BP claims and claimants:
The trial against BP, Halliburton and Trans Ocean is set for trial January 14, 2013, to determine punitive damages owed under the maritime law. In a true limitaions action, the unresolved issues include claims among the defendants for which Judge Barbier will apply various laws, e.g., admiralty law and the Oil Field Pollution Act. The trial on punitive damages may enhance your claims under the pending settlement of economics and medicals claims. Settlement of your claims under the pending settlement will bar all future claims against BP and the long list of defendants who are beneficiaries of the transaction and compromise. For more information on the list ofclaims barred by the settlement or your rights in the pending multi-district litigation, contact Thornhill Law Firm.

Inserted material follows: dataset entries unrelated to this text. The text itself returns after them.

text \<open>If X is the support function of a compact convex fuzzy set, the a.s. vanishing of the
  centered width E[s(0,i) + s(0,-i)] forces the fuzzy set to be a.s. the point b t.\<close>
lemma AE_indicator_trace:
  assumes X: "\<And>t \<omega>. X t \<omega> = supp_fun (B t \<omega>)"
    and F: "\<And>\<omega>. \<omega> \<in> space M \<Longrightarrow> Fkc (B t \<omega>)" and t: "t \<ge> 0"
  shows "AE \<omega> in M. B t \<omega> = indicator {b t \<omega>}"
proof -
  have width: "AE \<omega> in M. X t \<omega> 0 i + X t \<omega> 0 (-i) = 0" if i: "i \<in> Basis" for i
  proof -
    have c: "integrable M (\<lambda>\<omega>. X t \<omega> 0 x)" "expectation (\<lambda>\<omega>. X t \<omega> 0 x) = 0" if "norm x = 1" for x
      using centered[OF point_eval_dual[OF that] t] by auto
    have "norm i = 1" "norm (-i) = 1" using i by (auto simp: norm_Basis)
    note c = c[OF this(1)] c[OF this(2)]
    have "AE \<omega> in M. 0 \<le> X t \<omega> 0 i + X t \<omega> 0 (-i)"
      using supp_fun0_width_nonneg[OF F] X by (intro AE_I2) simp
    from integral_nonneg_eq_0_iff_AE[OF Bochner_Integration.integrable_add[OF c(1) c(3)] this]
    show ?thesis using c by simp
  qed
  have "AE \<omega> in M. \<forall>i\<in>Basis. X t \<omega> 0 i + X t \<omega> 0 (-i) = 0"
    by (rule AE_finite_allI) (use width in auto)
  with trace_coordinates_AE AE_space show ?thesis
  proof eventually_elim
    case (elim \<omega>)
    have "b t \<omega> = (\<Sum>i\<in>Basis. inner (b t \<omega>) i *\<^sub>R i)"
      by (rule euclidean_representation[symmetric])
    also have "\<dots> = (\<Sum>i\<in>Basis. supp_fun (B t \<omega>) 0 i *\<^sub>R i)"
      using elim X by (intro sum.cong) auto
    moreover have "B t \<omega> = indicator {\<Sum>i\<in>Basis. supp_fun (B t \<omega>) 0 i *\<^sub>R i}"
      using elim X by (intro Fkc_zero_width_indicator F) auto
    ultimately show ?case by simp
  qed
qed

end


section \<open>From a Wiener process to a Brownian motion in Cbar\<close>

locale wiener = prob_space M for M :: "'w measure" +
  fixes b :: "real \<Rightarrow> 'w \<Rightarrow> 'a::euclidean_space"
  assumes wiener: "wiener_process M b"
begin

lemma measurable: "t \<ge> 0 \<Longrightarrow> b t \<in> borel_measurable M"
  using wiener unfolding wiener_process_def by blast

lemma inner_measurable: "t \<ge> 0 \<Longrightarrow> (\<lambda>\<omega>. inner (b t \<omega>) v) \<in> borel_measurable M"
  by (intro borel_measurable_inner measurable borel_measurable_const)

International Paper and Temple-Inland: Bogalusa paper mill suits filed:
Hundreds of individual claims were filed in Mississippi federal and state courts to recover reasonable compensation for the discharges of toxic substances onto the land of individual property owners residing in Mississippi. The claimants show that there was no right to discharge onto their land any contaminants and that the cost of clean up should be born by the contaminating entities. Among the claims in the newly filed suits, the pleadings show that approximately one year ago, Temple Inland, dba TIN, Inc., with knowledge that its waste water treatment system was unable to clean out contaminants, knowingly and recklessly discharged untreated wastes into the Pearl River, forming the boundary between Louisiana and Mississippi. The discharges onto private land were expressly not permitted by any regulatory agency. In addition, the limited and restricted permits into the water of the Pearl River did not include authority to discharge dioxins, phenols and other semi-volatile organic compounds. These claims by Mississippi residents add International Paper as a defendant for its ongoing role in the continual unauthorized discharges and its liability for acts of Temple Inland which it purchased on February 13, 2012.

In Louisiana federal court, the claims of Louisiana claimants for similar damages to their property are set for trail on December 10, 2012 for eight bellwether claimants. A jury will decide damages due for the dischareges onto land which were not authorized and prohibited on lands of private property owners. The limited and restricted permit of the Louisiana Department of Environmental Quality expressly advises TIN, Inc. and/or International Paper, the permit holders, that there is not authority given to discharge onto private property. No authority exists for the continued trespasses of the paper mill operation.

Estimates of clean-up costs from land owners and the river bottom exceed $30 million. The cost avoidance that led to the inability of the waste water treatment system to treat and clean the waste from paper making is the amount not spent by TIN, Inc, to maintain its treatment ponds, that total $160 to $200 million. Compensatory and punitive damages are claimed against Temple Inland in the pending Louisiana and Mississippi suits.